I started out with two massive paired-end FASTQ files with a dozen barcodes each. Our lab has some custom scripts, which I used to perform paired-end adapter trimming using cutadapt, and then to separate each barcode sample into a separate FASTA file. I independently verified that in both the .1.fa and .2.fa files, all of the reads correspond to each other. However, they are in FASTA rather than FASTQ format.
When I aligned one of the resulting barcode sets to a transcriptome, they all resulted in discordant alignments. Here is the end of alignment_summary.txt
Aligned pairs: 17746091
of these: 2799869 (15.8%) have multiple alignments
17746090 (100.0%) are discordant alignments
0.0% concordant pair alignment rate.
I'm very confident that each .1.fa read corresponds to the correct .2.fa read; I ran cutadapt in paired-end mode and the demultiplexing script performed the same sorting on both the .1.fastq and .2.fastq files. Yet, it shows up as 100% discordant. What is the issue here?
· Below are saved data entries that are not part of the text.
(* For every history formula $\varphi$ of CTL*KΔ$_m$ of knowledge depth $k$, every multiagent model $M$, every history $h$ of $M$ and every record tuple $\vec r$ that stops at $h$: $$h,\vec r\models\varphi\quad\text{iff}\quad \mathit{KT}^k(h,\vec r),\ \vec o(h,\vec r)\models_I\varphi.$$
   Context: Fix a countably infinite set $\mathit{AP}$ of atomic propositions, a finite nonempty set $\mathit{Obs}$ of observations, and a finite set of agents $\mathit{Ag}=\{a_1,\dots,a_m\}$. For a word $w$ we write $w_i$ for its letter at position $i$ (positions start at $0$), $w_{\le i}$ for its prefix ending at position $i$, $w_{\ge i}$ for its suffix starting at position $i$, $|w|$ for its length (finite words) and $\mathit{last}(w)$ for its last letter; $w\preceq w'$ means $w$ is a prefix of $w'$. Syntax of CTL*KΔ$_m$: history formulas $\varphi::=p\mid\neg\varphi\mid\varphi\wedge\varphi\mid\mathbf A\psi\mid\mathbf K_a\varphi\mid\Delta^{o}_a\varphi$ and path formulas $\psi::=\varphi\mid\neg\psi\mid\psi\wedge\psi\mid\mathbf X\psi\mid\psi\,\mathbf U\,\psi$, with $p\in\mathit{AP}$, $a\in\mathit{Ag}$, $o\in\mathit{Obs}$; formulas are history formulas. The knowledge depth of a formula is the maximal nesting depth of operators $\mathbf K_a$ (over all agents). A multiagent model is $M=(\mathit{AP}_f,S,T,V,\{\sim_o\}_{o\in\mathit{Obs}},s_\iota,\vec o_\iota)$ where $\mathit{AP}_f\subseteq\mathit{AP}$ is finite, $S$ is a finite set of states, $T\subseteq S\times S$ is left-total, $V:S\to2^{\mathit{AP}_f}$, each $\sim_o$ is an equivalence relation on $S$, $s_\iota\in S$, and $\vec o_\iota\in\mathit{Obs}^{\mathit{Ag}}$ gives each agent an initial observation. Paths are infinite sequences of states $s_0s_1\dots$ with $s_iTs_{i+1}$ (starting anywhere); histories are finite nonempty prefixes of paths. For a tuple $\vec o\in\mathit{Obs}^{\mathit{Ag}}$, $\vec o_a$ is its $a$-component, $\vec o_i=\vec o_{a_i}$, and $\vec o[a\leftarrow o']$ is $\vec o$ with $\vec o_a$ replaced by $o'$. An observation record is a finite word over $\mathit{Obs}\times\mathbb N$; $r_{=n}$ is the subword of $r$ consisting of the pairs with second component $n$; $r$ stops at $n$ if $r_{=m}$ is empty for all $m>n$. A record tuple is $\vec r=(\vec r_a)_{a\in\mathit{Ag}}$; $\vec r\cdot(o,n)_a$ is $\vec r$ with $\vec r_a$ replaced by $\vec r_a\cdot(o,n)$; $\vec r$ stops at a history $h$ if each $\vec r_a$ stops at $|h|-1$. For agent $a$: $\mathit{ol}_a(\vec r,0)=\vec o_{\iota,a}\cdot o_1\cdots o_k$ if $(\vec r_a)_{=0}=(o_1,0)\cdots(o_k,0)$, and $\mathit{ol}_a(\vec r,n+1)=\mathit{last}(\mathit{ol}_a(\vec r,n))\cdot o_1\cdots o_k$ if $(\vec r_a)_{=n+1}=(o_1,n+1)\cdots(o_k,n+1)$. $h\approx^{\vec r}_a h'$ iff $|h|=|h'|$ and for all $i<|h|$ and all $o$ in $\mathit{ol}_a(\vec r,i)$, $h_i\sim_o h'_i$. $\vec o(h,\vec r)$ is the tuple whose $a$-component is the last element of $\mathit{ol}_a(\vec r,|h|-1)$. Natural semantics: $h,\vec r\models p$ iff $p\in V(\mathit{last}(h))$; negation and conjunction as usual; $h,\vec r\models\mathbf A\psi$ iff for all paths $\pi$ with $h\preceq\pi$, $\pi,|h|-1,\vec r\models\psi$; $h,\vec r\models\mathbf K_a\varphi$ iff $h',\vec r\models\varphi$ for all histories $h'\approx^{\vec r}_a h$; $h,\vec r\models\Delta^o_a\varphi$ iff $h,\vec r\cdot(o,|h|-1)_a\models\varphi$; $\pi,n,\vec r\models\varphi$ iff $\pi_{\le n},\vec r\models\varphi$; negation and conjunction as usual; $\pi,n,\vec r\models\mathbf X\psi$ iff $\pi,n+1,\vec r\models\psi$; $\pi,n,\vec r\models\psi_1\mathbf U\psi_2$ iff there is $m\ge n$ with $\pi,m,\vec r\models\psi_2$ and $\pi,j,\vec r\models\psi_1$ for all $n\le j<m$. $k$-trees: a $0$-tree is $\langle s,\emptyset,\dots,\emptyset\rangle$ with $s\in S$; a $(k+1)$-tree is $\langle s,F_1,\dots,F_m\rangle$ with $s\in S$ and each $F_i$ a set of $k$-trees; $\mathit{root}(\langle s,F_1,\dots,F_m\rangle)=s$ and $\tau(a_i)=F_i$. $\mathit{KT}^0(h,\vec r)=\langle\mathit{last}(h),\emptyset,\dots,\emptyset\rangle$ and $\mathit{KT}^{k+1}(h,\vec r)=\langle\mathit{last}(h),F_1,\dots,F_m\rangle$ with $F_i=\{\mathit{KT}^k(h',\vec r)\mid h'\approx^{\vec r}_{a_i}h\}$. Updates: $U_T^0(\langle s,\emptyset,\dots\rangle,s',\vec o)=\langle s',\emptyset,\dots,\emptyset\rangle$; $U_T^{k+1}(\langle s,F_1,\dots,F_m\rangle,s',\vec o)=\langle s',F'_1,\dots,F'_m\rangle$ with $F'_i=\{U_T^k(\tau,s'',\vec o)\mid\tau\in F_i,\ s''\sim_{\vec o_i}s',\ \mathit{root}(\tau)Ts''\}$. $U_\Delta^0(\langle s,\emptyset,\dots\rangle,o,a_i)=\langle s,\emptyset,\dots,\emptyset\rangle$; $U_\Delta^{k+1}(\langle s,F_1,\dots,F_m\rangle,o,a_i)=\langle s,F'_1,\dots,F'_m\rangle$ with $F'_j=\{U_\Delta^k(\tau,o,a_i)\mid\tau\in F_j\}$ for $j\ne i$ and $F'_i=\{U_\Delta^k(\tau,o,a_i)\mid\tau\in F_i,\ \mathit{root}(\tau)\sim_o s\}$. (Below, $U_T^k,U_\Delta^k$ are applied to trees of the matching depth $k$.) Alternative semantics, for a $k$-tree $\tau$ and $\vec o\in\mathit{Obs}^{\mathit{Ag}}$: $\tau,\vec o\models_I p$ iff $p\in V(\mathit{root}(\tau))$; negation and conjunction as usual; $\tau,\vec o\models_I\mathbf A\psi$ iff for all paths $\pi$ with $\pi_0=\mathit{root}(\tau)$, $\pi,\tau,\vec o\models_I\psi$; $\tau,\vec o\models_I\mathbf K_a\varphi$ iff $\tau',\vec o\models_I\varphi$ for all $\tau'\in\tau(a)$; $\tau,\vec o\models_I\Delta^{o'}_a\varphi$ iff $U_\Delta^k(\tau,o',a),\vec o[a\leftarrow o']\models_I\varphi$; $\pi,\tau,\vec o\models_I\varphi$ iff $\tau,\vec o\models_I\varphi$; negation and conjunction as usual; $\pi,\tau,\vec o\models_I\mathbf X\psi$ iff $\pi_{\ge1},U_T^k(\tau,\pi_1,\vec o),\vec o\models_I\psi$; $\pi,\tau,\vec o\models_I\psi_1\mathbf U\psi_2$ iff there is $n\ge0$ with $\pi_{\ge n},(U_T^k)^n(\tau,\pi,\vec o),\vec o\models_I\psi_2$ and $\pi_{\ge j},(U_T^k)^j(\tau,\pi,\vec o),\vec o\models_I\psi_1$ for all $0\le j<n$, where $(U_T^k)^0(\tau,\pi,\vec o)=\tau$ and $(U_T^k)^{n+1}(\tau,\pi,\vec o)=U_T^k((U_T^k)^n(\tau,\pi,\vec o),\pi_{n+1},\vec o)$. *)

theory Defs
  imports Main "HOL-Library.FSet"
begin

datatype ('a, 'ob) hform =
    Prop nat
  | HNot "('a, 'ob) hform"
  | HAnd "('a, 'ob) hform" "('a, 'ob) hform"
  | All "('a, 'ob) pform"
  | Know 'a "('a, 'ob) hform"
  | Delta 'a 'ob "('a, 'ob) hform"
and ('a, 'ob) pform =
    PH "('a, 'ob) hform"
  | PNot "('a, 'ob) pform"
  | PAnd "('a, 'ob) pform" "('a, 'ob) pform"
  | Next "('a, 'ob) pform"
  | Until "('a, 'ob) pform" "('a, 'ob) pform"

primrec kdepth :: "('a, 'ob) hform \<Rightarrow> nat"
  and kdepth_p :: "('a, 'ob) pform \<Rightarrow> nat" where
  "kdepth (Prop p) = 0"
| "kdepth (HNot f) = kdepth f"
| "kdepth (HAnd f g) = max (kdepth f) (kdepth g)"
| "kdepth (All p) = kdepth_p p"
| "kdepth (Know a f) = Suc (kdepth f)"
| "kdepth (Delta a ob f) = kdepth f"
| "kdepth_p (PH f) = kdepth f"
| "kdepth_p (PNot p) = kdepth_p p"
| "kdepth_p (PAnd p q) = max (kdepth_p p) (kdepth_p q)"
| "kdepth_p (Next p) = kdepth_p p"
| "kdepth_p (Until p q) = max (kdepth_p p) (kdepth_p q)"

text \<open>The finite set of states S is the universe of a finite type 's.\<close>

record ('s, 'ob, 'a) model =
  APf :: "nat set"
  Trans :: "'s \<Rightarrow> 's \<Rightarrow> bool"
  Val :: "'s \<Rightarrow> nat set"
  Sim :: "'ob \<Rightarrow> 's \<Rightarrow> 's \<Rightarrow> bool"
  sinit :: 's
  oinit :: "'a \<Rightarrow> 'ob"

definition wf_model :: "('s::finite, 'ob::finite, 'a::finite) model \<Rightarrow> bool" where
  "wf_model M \<longleftrightarrow> finite (APf M) \<and> (\<forall>s. \<exists>s'. Trans M s s')
     \<and> (\<forall>s. Val M s \<subseteq> APf M) \<and> (\<forall>ob. equivp (Sim M ob))"

definition is_path :: "('s, 'ob, 'a) model \<Rightarrow> (nat \<Rightarrow> 's) \<Rightarrow> bool" where
  "is_path M \<pi> \<longleftrightarrow> (\<forall>i. Trans M (\<pi> i) (\<pi> (Suc i)))"

definition is_hist :: "('s, 'ob, 'a) model \<Rightarrow> 's list \<Rightarrow> bool" where
  "is_hist M h \<longleftrightarrow> (\<exists>\<pi>. is_path M \<pi> \<and> h = map \<pi> [0..<length h]) \<and> h \<noteq> []"

definition hprefix :: "'s list \<Rightarrow> (nat \<Rightarrow> 's) \<Rightarrow> bool" where
  "hprefix h \<pi> \<longleftrightarrow> (\<forall>i<length h. \<pi> i = h ! i)"

definition pprefix :: "(nat \<Rightarrow> 's) \<Rightarrow> nat \<Rightarrow> 's list" where
  "pprefix \<pi> n = map \<pi> [0..<Suc n]"

type_synonym 'ob obsrec = "('ob \<times> nat) list"
type_synonym ('a, 'ob) rtuple = "'a \<Rightarrow> 'ob obsrec"

definition rec_at :: "'ob obsrec \<Rightarrow> nat \<Rightarrow> 'ob obsrec" where
  "rec_at r n = filter (\<lambda>p. snd p = n) r"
I performed this again on a subset of my FASTA files (only 50 reads each) and it again reported 100% discordant. From this, I can guess one of two options: 1) My data is very bad and none of the reads line up properly, or 2) There is some info in the FASTQ files that isn't present in my FASTA files, contributing to this issue.
Is there a way to run paired-end data using FASTA input in TopHat2? Or do I need to go back and modify my script so that only FASTQ files are used?
Could the 1.fastq and 2.fastq have been swapped?
You should know that the old 'Tuxedo' pipeline of Tophat(2) and Cufflinks is no longer the "advisable" tool for RNA-seq analysis. The software is deprecated/ in low maintenance and should be replaced by HISAT2, StringTie and ballgown. See this paper: Transcript-level expression analysis of RNA-seq experiments with HISAT, StringTie and Ballgown. There are also other alternatives, including alignment with STAR and bbmap, or pseudo-alignment using salmon followed by DESEq2 or edgeR.
After some serious digging, I realized my hubris: I was "very confident" that each .1.fa read matched with a .2.fa read. However, digging back through my original datasets, this should come as no surprise because the md5sums of both of the big .1.fastq and .2.fastq files were identical! I'm guessing there was some data duplication error that I should now try to figure out.